> _Work to complete_: Transcribe, word for word and with nothing extra, the line containing "(i = 1 \<and>" and each line that comes after it in the entries.
[Start of Attachment]
(* Let $\alpha\in(0,1)$. (i) Let $m\ge 2$ be even and $A=\{a_1,\dots,a_m\}$. Let $\mathcal E$ be the election with two agents whose preferences are $$\sigma_1:\ a_1\succ\!\!\succ a_2\succ\!\!\succ\cdots\succ\!\!\succ a_{m/2+1}\succ a_{m/2+2}\succ\cdots\succ a_m,$$ $$\sigma_2:\ a_{m/2+1}\succ a_{m/2+2}\succ\cdots\succ a_m\succ a_1\succ\cdots\succ a_{m/2}.$$ Then $$\mathsf{dist}_\alpha(a_1,\mathcal E)=\frac{1+2\alpha^{m/2}-\alpha^m}{\alpha^m+1}.$$ (ii) If $m\ge 3$ is odd, there exists an election $\mathcal E'$ with $m$ alternatives, including an alternative $a_1$, such that $$\mathsf{dist}_\alpha(a_1,\mathcal E')=\frac{1+2\alpha^{(m-1)/2}-\alpha^{m-1}}{\alpha^{m-1}+1}.$$
   Context: A preference $\sigma_i=(\pi_i,\Join_i)$ is a ranking $\pi_i:[m]\to A$ (a bijection, $\pi_i(1)$ most preferred) together with $\Join_i:[m-1]\to\{\succ,\succ\!\!\succ\}$. The displayed chains list $\pi_i(1),\pi_i(2),\dots$ with the symbol $\Join_i(j)$ between positions $j$ and $j+1$. A metric $d$ on agents and alternatives is nonnegative and symmetric, satisfies the triangle inequality, and has $d(x,x)=0$. The profile is $\alpha$-consistent with $d$ (mandatory elicitation) if for all $i$ and $j\in[m-1]$: - $\Join_i(j)=\,\succ$ implies $d(i,\pi_i(j+1))\ge d(i,\pi_i(j))>\alpha d(i,\pi_i(j+1))$; - $\Join_i(j)=\,\succ\!\!\succ$ implies $d(i,\pi_i(j))\le\alpha d(i,\pi_i(j+1))$. $\mathsf{dist}_\alpha(a,\mathcal E)=\sup_d\sum_i d(i,a)/\min_b\sum_i d(i,b)$, with the supremum over general metrics $d$ with which the profile is $\alpha$-consistent. *)

theory Defs
  imports "HOL-Analysis.Analysis" "HOL-Library.Extended_Real"
begin

text \<open>Points of the metric space: agents (Inl i) and alternatives (Inr a).
  A preference of agent i is a ranking rk i :: nat => 'alt on positions 1..m
  (rk i 1 most preferred) together with J i j (True = strong separator, False = weak)
  for positions j in 1..m-1.\<close>

definition pseudo_metric_on :: "'p set \<Rightarrow> ('p \<Rightarrow> 'p \<Rightarrow> real) \<Rightarrow> bool" where
  "pseudo_metric_on S d \<longleftrightarrow>
     (\<forall>x\<in>S. \<forall>y\<in>S. d x y \<ge> 0 \<and> d x y = d y x) \<and>
     (\<forall>x\<in>S. d x x = 0) \<and>
     (\<forall>x\<in>S. \<forall>y\<in>S. \<forall>z\<in>S. d x z \<le> d x y + d y z)"

definition election :: "'ag set \<Rightarrow> 'alt set \<Rightarrow> nat \<Rightarrow> ('ag \<Rightarrow> nat \<Rightarrow> 'alt) \<Rightarrow> bool" where
  "election N A m rk \<longleftrightarrow> finite N \<and> N \<noteq> {} \<and> finite A \<and> card A = m \<and>
     (\<forall>i\<in>N. bij_betw (rk i) {1..m} A)"

definition alpha_consistent ::
  "real \<Rightarrow> 'ag set \<Rightarrow> nat \<Rightarrow> ('ag \<Rightarrow> nat \<Rightarrow> 'alt) \<Rightarrow> ('ag \<Rightarrow> nat \<Rightarrow> bool)
     \<Rightarrow> ('ag + 'alt \<Rightarrow> 'ag + 'alt \<Rightarrow> real) \<Rightarrow> bool" where
  "alpha_consistent \<alpha> N m rk J d \<longleftrightarrow>
     (\<forall>i\<in>N. \<forall>j\<in>{1..m-1}.
        (\<not> J i j \<longrightarrow> d (Inl i) (Inr (rk i (j+1))) \<ge> d (Inl i) (Inr (rk i j)) \<and>
                       d (Inl i) (Inr (rk i j)) > \<alpha> * d (Inl i) (Inr (rk i (j+1)))) \<and>
        (J i j \<longrightarrow> d (Inl i) (Inr (rk i j)) \<le> \<alpha> * d (Inl i) (Inr (rk i (j+1)))))"

definition social_cost :: "'ag set \<Rightarrow> ('ag + 'alt \<Rightarrow> 'ag + 'alt \<Rightarrow> real) \<Rightarrow> 'alt \<Rightarrow> real" where
  "social_cost N d a = (\<Sum>i\<in>N. d (Inl i) (Inr a))"

definition dist_alpha ::
  "real \<Rightarrow> 'ag set \<Rightarrow> 'alt set \<Rightarrow> ('ag \<Rightarrow> nat \<Rightarrow> 'alt) \<Rightarrow> ('ag \<Rightarrow> nat \<Rightarrow> bool) \<Rightarrow> 'alt \<Rightarrow> ereal" where
  "dist_alpha \<alpha> N A rk J a =
     (SUP d \<in> {d. pseudo_metric_on (Inl ` N \<union> Inr ` A) d \<and> alpha_consistent \<alpha> N (card A) rk J d}.
        ereal (social_cost N d a / Min (social_cost N d ` A)))"

text \<open>The election of part (i): agents 1 and 2, alternatives a_k = k for k in 1..m.\<close>
definition ex_pi :: "nat \<Rightarrow> nat \<Rightarrow> nat \<Rightarrow> nat" where
  "ex_pi m i k = (if i = 1 then k else (if k \<le> m div 2 then k + m div 2 else k - m div 2))"

definition ex_J :: "nat \<Rightarrow> nat \<Rightarrow> nat \<Rightarrow> bool" where
  "ex_J m i j = (i = 1 \<and> j \<le> m div 2)"

end

theory Submission
  imports Defs
begin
[End of Attachment]
> _Task solution_:
  "ex_J m i j = (i = 1 \<and> j \<le> m div 2)"

end

theory Submission
  imports Defs
begin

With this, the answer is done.